------ EXERCISE MATERIALS

(* Assume $\mathcal E$ is stable under pullback and $\mathcal F\subseteq\mathcal E$. Let $c$ be a closure operator on $\mathcal A$ and let $X\in\mathcal X$. If $R$ preserves products with $X$ (i.e. $\rho_{X\times Y}=\rho_X\times\rho_Y$ for every $Y\in\mathcal X$, via the canonical comparison), $\rho_X\in\mathcal E$, and $RX$ is $c$-compact, then $X$ is $c^\rho$-compact.
   Context: Standing setting. $\mathcal X$ and $\mathcal A$ are finitely complete categories; $\mathcal X$ carries a proper factorization system $(\mathcal E,\mathcal M)$ and $\mathcal A$ a proper factorization system $(\mathcal F,\mathcal N)$ (proper: every member of $\mathcal E$, resp. $\mathcal F$, is an epimorphism and every member of $\mathcal M$, resp. $\mathcal N$, is a monomorphism). $\mathcal A$ is a full reflective subcategory of $\mathcal X$ with reflector $R:\mathcal X\to\mathcal A$ and reflection (unit) $\rho_X:X\to RX$; as in the paper's setting, $\mathcal N\subseteq\mathcal M$ and $R\mathcal E\subseteq\mathcal F$. For $X\in\mathcal X$, $\operatorname{sub}X$ is the class $\mathcal M/X$ of $\mathcal M$-morphisms with codomain $X$, preordered by $m\le n$ iff $m=nj$ for some morphism $j$; for $A\in\mathcal A$, $\operatorname{sub}_{\mathcal A}A=\mathcal N/A$ with the same preorder. For $f:X\to Y$ and $m\in\operatorname{sub}X$, the image $f(m)\in\operatorname{sub}Y$ is the $\mathcal M$-part of the $(\mathcal E,\mathcal M)$-factorization of $fm$, and for $n\in\operatorname{sub}Y$ the preimage $f^{-1}(n)\in\operatorname{sub}X$ is the pullback of $n$ along $f$ (analogously in $\mathcal A$ using $(\mathcal F,\mathcal N)$). A closure operator $c$ on $\mathcal A$ (with respect to $\mathcal N$) is a family of maps $c_A:\operatorname{sub}_{\mathcal A}A\to\operatorname{sub}_{\mathcal A}A$ ($A\in\mathcal A$) such that $m\le c_A(m)$, $m\le n\Rightarrow c_A(m)\le c_A(n)$, and $f(c_A(m))\le c_B(f(m))$ for every morphism $f:A\to B$ of $\mathcal A$; closure operators on $\mathcal X$ (with respect to $\mathcal M$) are defined likewise. For an arbitrary morphism $g:M\to A$ of $\mathcal A$, write $g(1_M)$ for the $\mathcal N$-part of its $(\mathcal F,\mathcal N)$-factorization and put $c_A(g):=c_A(g(1_M))$. The $R$-initial lift of $c$ is the closure operator $c^\rho$ on $\mathcal X$ given by $c^\rho_X(m)=\rho_X^{-1}(c_{RX}(Rm))$ for $X\in\mathcal X$, $m\in\operatorname{sub}X$. For a closure operator $d$ on a category, an object $X$ is $d$-compact if for every object $Y$ the projection $\pi_Y:X\times Y\to Y$ is $d$-preserving, i.e. $\pi_Y(d_{X\times Y}(m))=d_Y(\pi_Y(m))$ for every subobject $m$ of $X\times Y$ (for $c$-compactness of an object of $\mathcal A$, $Y$ ranges over $\mathcal A$ and subobjects over $\operatorname{sub}_{\mathcal A}$; for $c^\rho$-compactness, over $\mathcal X$ and $\operatorname{sub}$). *)

theory Defs
  imports Main
begin

record ('o, 'a) cat =
  Obj  :: "'o set"
  Arr  :: "'a set"
  Dom  :: "'a \<Rightarrow> 'o"
  Cod  :: "'a \<Rightarrow> 'o"
  Idt  :: "'o \<Rightarrow> 'a"
  Comp :: "'a \<Rightarrow> 'a \<Rightarrow> 'a"   (* Comp C g f = g o f *)

definition hom :: "('o,'a) cat \<Rightarrow> 'o \<Rightarrow> 'o \<Rightarrow> 'a set" where
  "hom C x y = {f \<in> Arr C. Dom C f = x \<and> Cod C f = y}"

definition is_cat :: "('o,'a) cat \<Rightarrow> bool" where
  "is_cat C \<longleftrightarrow>
     (\<forall>f\<in>Arr C. Dom C f \<in> Obj C \<and> Cod C f \<in> Obj C) \<and>
     (\<forall>x\<in>Obj C. Idt C x \<in> hom C x x) \<and>
     (\<forall>f\<in>Arr C. \<forall>g\<in>Arr C. Cod C f = Dom C g \<longrightarrow> Comp C g f \<in> hom C (Dom C f) (Cod C g)) \<and>
     (\<forall>f\<in>Arr C. Comp C f (Idt C (Dom C f)) = f \<and> Comp C (Idt C (Cod C f)) f = f) \<and>
     (\<forall>f\<in>Arr C. \<forall>g\<in>Arr C. \<forall>h\<in>Arr C. Cod C f = Dom C g \<and> Cod C g = Dom C h \<longrightarrow>
         Comp C h (Comp C g f) = Comp C (Comp C h g) f)"

definition mono :: "('o,'a) cat \<Rightarrow> 'a \<Rightarrow> bool" where
  "mono C f \<longleftrightarrow> f \<in> Arr C \<and>
     (\<forall>g\<in>Arr C. \<forall>h\<in>Arr C. Cod C g = Dom C f \<and> Cod C h = Dom C f \<and> Dom C g = Dom C h \<and>
        Comp C f g = Comp C f h \<longrightarrow> g = h)"

definition epi :: "('o,'a) cat \<Rightarrow> 'a \<Rightarrow> bool" where
  "epi C f \<longleftrightarrow> f \<in> Arr C \<and>
     (\<forall>g\<in>Arr C. \<forall>h\<in>Arr C. Dom C g = Cod C f \<and> Dom C h = Cod C f \<and> Cod C g = Cod C h \<and>
        Comp C g f = Comp C h f \<longrightarrow> g = h)"

definition iso :: "('o,'a) cat \<Rightarrow> 'a \<Rightarrow> bool" where
  "iso C f \<longleftrightarrow> f \<in> Arr C \<and> (\<exists>g \<in> hom C (Cod C f) (Dom C f).
     Comp C g f = Idt C (Dom C f) \<and> Comp C f g = Idt C (Cod C f))"

definition is_terminal :: "('o,'a) cat \<Rightarrow> 'o \<Rightarrow> bool" where
  "is_terminal C T \<longleftrightarrow> T \<in> Obj C \<and> (\<forall>Z\<in>Obj C. \<exists>!u. u \<in> hom C Z T)"

text \<open>\<open>is_pullback C f g p q\<close>: the square \<open>f o p = g o q\<close> is a pullback of the
  cospan \<open>f, g\<close>; so \<open>p\<close> is the pullback of \<open>g\<close> along \<open>f\<close>.\<close>
definition is_pullback :: "('o,'a) cat \<Rightarrow> 'a \<Rightarrow> 'a \<Rightarrow> 'a \<Rightarrow> 'a \<Rightarrow> bool" where
  "is_pullback C f g p q \<longleftrightarrow>
     f \<in> Arr C \<and> g \<in> Arr C \<and> p \<in> Arr C \<and> q \<in> Arr C \<and>
     Cod C f = Cod C g \<and> Cod C p = Dom C f \<and> Cod C q = Dom C g \<and> Dom C p = Dom C q \<and>
     Comp C f p = Comp C g q \<and>
     (\<forall>p'\<in>Arr C. \<forall>q'\<in>Arr C. Cod C p' = Dom C f \<and> Cod C q' = Dom C g \<and> Dom C p' = Dom C q' \<and>
        Comp C f p' = Comp C g q' \<longrightarrow>
        (\<exists>!u. u \<in> hom C (Dom C p') (Dom C p) \<and> Comp C p u = p' \<and> Comp C q u = q'))"

definition finitely_complete :: "('o,'a) cat \<Rightarrow> bool" where
  "finitely_complete C \<longleftrightarrow> (\<exists>T. is_terminal C T) \<and>
     (\<forall>f\<in>Arr C. \<forall>g\<in>Arr C. Cod C f = Cod C g \<longrightarrow> (\<exists>p q. is_pullback C f g p q))"

definition is_product :: "('o,'a) cat \<Rightarrow> 'o \<Rightarrow> 'a \<Rightarrow> 'a \<Rightarrow> 'o \<Rightarrow> 'o \<Rightarrow> bool" where
  "is_product C P p1 p2 X Y \<longleftrightarrow>
     X \<in> Obj C \<and> Y \<in> Obj C \<and> P \<in> Obj C \<and> p1 \<in> hom C P X \<and> p2 \<in> hom C P Y \<and>
     (\<forall>Z\<in>Obj C. \<forall>f\<in>hom C Z X. \<forall>g\<in>hom C Z Y.
        \<exists>!u. u \<in> hom C Z P \<and> Comp C p1 u = f \<and> Comp C p2 u = g)"

definition factsys :: "('o,'a) cat \<Rightarrow> 'a set \<Rightarrow> 'a set \<Rightarrow> bool" where
  "factsys C E M \<longleftrightarrow>
     E \<subseteq> Arr C \<and> M \<subseteq> Arr C \<and>
     (\<forall>f. iso C f \<longrightarrow> f \<in> E \<and> f \<in> M) \<and>
     (\<forall>e\<in>E. \<forall>e'\<in>E. Cod C e = Dom C e' \<longrightarrow> Comp C e' e \<in> E) \<and>
     (\<forall>m\<in>M. \<forall>m'\<in>M. Cod C m = Dom C m' \<longrightarrow> Comp C m' m \<in> M) \<and>
     (\<forall>f\<in>Arr C. \<exists>e\<in>E. \<exists>m\<in>M. Cod C e = Dom C m \<and> f = Comp C m e) \<and>
     (\<forall>e\<in>E. \<forall>m\<in>M. \<forall>u\<in>Arr C. \<forall>v\<in>Arr C.
        Dom C u = Dom C e \<and> Cod C u = Dom C m \<and> Dom C v = Cod C e \<and> Cod C v = Cod C m \<and>
        Comp C v e = Comp C m u \<longrightarrow>
        (\<exists>!d. d \<in> hom C (Cod C e) (Dom C m) \<and> Comp C d e = u \<and> Comp C m d = v))"

definition proper_factsys :: "('o,'a) cat \<Rightarrow> 'a set \<Rightarrow> 'a set \<Rightarrow> bool" where
  "proper_factsys C E M \<longleftrightarrow> factsys C E M \<and> (\<forall>e\<in>E. epi C e) \<and> (\<forall>m\<in>M. mono C m)"

definition pullback_stable :: "('o,'a) cat \<Rightarrow> 'a set \<Rightarrow> bool" where
  "pullback_stable C E \<longleftrightarrow> (\<forall>f e p q. e \<in> E \<and> is_pullback C f e p q \<longrightarrow> p \<in> E)"

definition sub :: "('o,'a) cat \<Rightarrow> 'a set \<Rightarrow> 'o \<Rightarrow> 'a set" where
  "sub C M X = {m \<in> M. Cod C m = X}"

definition sub_le :: "('o,'a) cat \<Rightarrow> 'a \<Rightarrow> 'a \<Rightarrow> bool" where
  "sub_le C m n \<longleftrightarrow> (\<exists>j\<in>Arr C. Dom C j = Dom C m \<and> Cod C j = Dom C n \<and> m = Comp C n j)"

definition sub_eq :: "('o,'a) cat \<Rightarrow> 'a \<Rightarrow> 'a \<Rightarrow> bool" where
  "sub_eq C m n \<longleftrightarrow> sub_le C m n \<and> sub_le C n m"

definition img :: "('o,'a) cat \<Rightarrow> 'a set \<Rightarrow> 'a set \<Rightarrow> 'a \<Rightarrow> 'a \<Rightarrow> 'a" where
  "img C E M f m = (SOME n. n \<in> M \<and> (\<exists>e\<in>E. Cod C e = Dom C n \<and> Comp C f m = Comp C n e))"

definition gimg :: "('o,'a) cat \<Rightarrow> 'a set \<Rightarrow> 'a set \<Rightarrow> 'a \<Rightarrow> 'a" where
  "gimg C E M g = img C E M g (Idt C (Dom C g))"

definition preim :: "('o,'a) cat \<Rightarrow> 'a \<Rightarrow> 'a \<Rightarrow> 'a" where
  "preim C f n = (SOME p. \<exists>q. is_pullback C f n p q)"

definition closure_op :: "('o,'a) cat \<Rightarrow> 'a set \<Rightarrow> 'a set \<Rightarrow> ('o \<Rightarrow> 'a \<Rightarrow> 'a) \<Rightarrow> bool" where
  "closure_op C E M c \<longleftrightarrow>
     (\<forall>X\<in>Obj C. \<forall>m\<in>sub C M X.
        c X m \<in> sub C M X \<and> sub_le C m (c X m) \<and>
        (\<forall>n\<in>sub C M X. sub_le C m n \<longrightarrow> sub_le C (c X m) (c X n))) \<and>
     (\<forall>f\<in>Arr C. \<forall>m\<in>sub C M (Dom C f).
        sub_le C (img C E M f (c (Dom C f) m)) (c (Cod C f) (img C E M f m)))"

definition preserving :: "('o,'a) cat \<Rightarrow> 'a set \<Rightarrow> 'a set \<Rightarrow> ('o \<Rightarrow> 'a \<Rightarrow> 'a) \<Rightarrow> 'a \<Rightarrow> bool" where
  "preserving C E M d p \<longleftrightarrow>
     (\<forall>m\<in>sub C M (Dom C p). sub_eq C (img C E M p (d (Dom C p) m)) (d (Cod C p) (img C E M p m)))"

definition compact :: "('o,'a) cat \<Rightarrow> 'a set \<Rightarrow> 'a set \<Rightarrow> ('o \<Rightarrow> 'a \<Rightarrow> 'a) \<Rightarrow> 'o \<Rightarrow> bool" where
  "compact C E M d X \<longleftrightarrow>
     (\<forall>Y\<in>Obj C. \<forall>P p1 p2. is_product C P p1 p2 X Y \<longrightarrow> preserving C E M d p2)"

definition full_sub :: "('o,'a) cat \<Rightarrow> 'o set \<Rightarrow> ('o,'a) cat" where
  "full_sub C AO = C\<lparr>Obj := AO, Arr := {f \<in> Arr C. Dom C f \<in> AO \<and> Cod C f \<in> AO}\<rparr>"

definition is_reflection :: "('o,'a) cat \<Rightarrow> 'o set \<Rightarrow> ('o \<Rightarrow> 'o) \<Rightarrow> ('o \<Rightarrow> 'a) \<Rightarrow> bool" where
  "is_reflection C AO RO rho \<longleftrightarrow>
     (\<forall>X\<in>Obj C. RO X \<in> AO \<and> rho X \<in> hom C X (RO X) \<and>
        (\<forall>B\<in>AO. \<forall>f\<in>hom C X B. \<exists>!g. g \<in> hom C (RO X) B \<and> Comp C g (rho X) = f))"

text \<open>The reflector on morphisms, determined by the unit.\<close>
definition Rarr :: "('o,'a) cat \<Rightarrow> ('o \<Rightarrow> 'o) \<Rightarrow> ('o \<Rightarrow> 'a) \<Rightarrow> 'a \<Rightarrow> 'a" where
  "Rarr C RO rho f = (THE g. g \<in> hom C (RO (Dom C f)) (RO (Cod C f)) \<and>
                              Comp C g (rho (Dom C f)) = Comp C (rho (Cod C f)) f)"

text \<open>\<open>c^rho_X(m) = rho_X^{-1}(c_{RX}(Rm))\<close>, with \<open>c_{RX}(Rm) = c_{RX}((Rm)(1))\<close>.\<close>
definition clift :: "('o,'a) cat \<Rightarrow> 'o set \<Rightarrow> 'a set \<Rightarrow> 'a set \<Rightarrow> ('o \<Rightarrow> 'o) \<Rightarrow> ('o \<Rightarrow> 'a)
                       \<Rightarrow> ('o \<Rightarrow> 'a \<Rightarrow> 'a) \<Rightarrow> 'o \<Rightarrow> 'a \<Rightarrow> 'a" where
  "clift C AO F N RO rho c X m =
     preim C (rho X) (c (RO X) (gimg (full_sub C AO) F N (Rarr C RO rho m)))"

end

theory Submission
  imports Defs
begin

------------

TASK OBJECTIVE: Select every line above that contains the word "clift", and copy it.

ANSWER SPACE:
definition clift :: "('o,'a) cat \<Rightarrow> 'o set \<Rightarrow> 'a set \<Rightarrow> 'a set \<Rightarrow> ('o \<Rightarrow> 'o) \<Rightarrow> ('o \<Rightarrow> 'a)
  "clift C AO F N RO rho c X m =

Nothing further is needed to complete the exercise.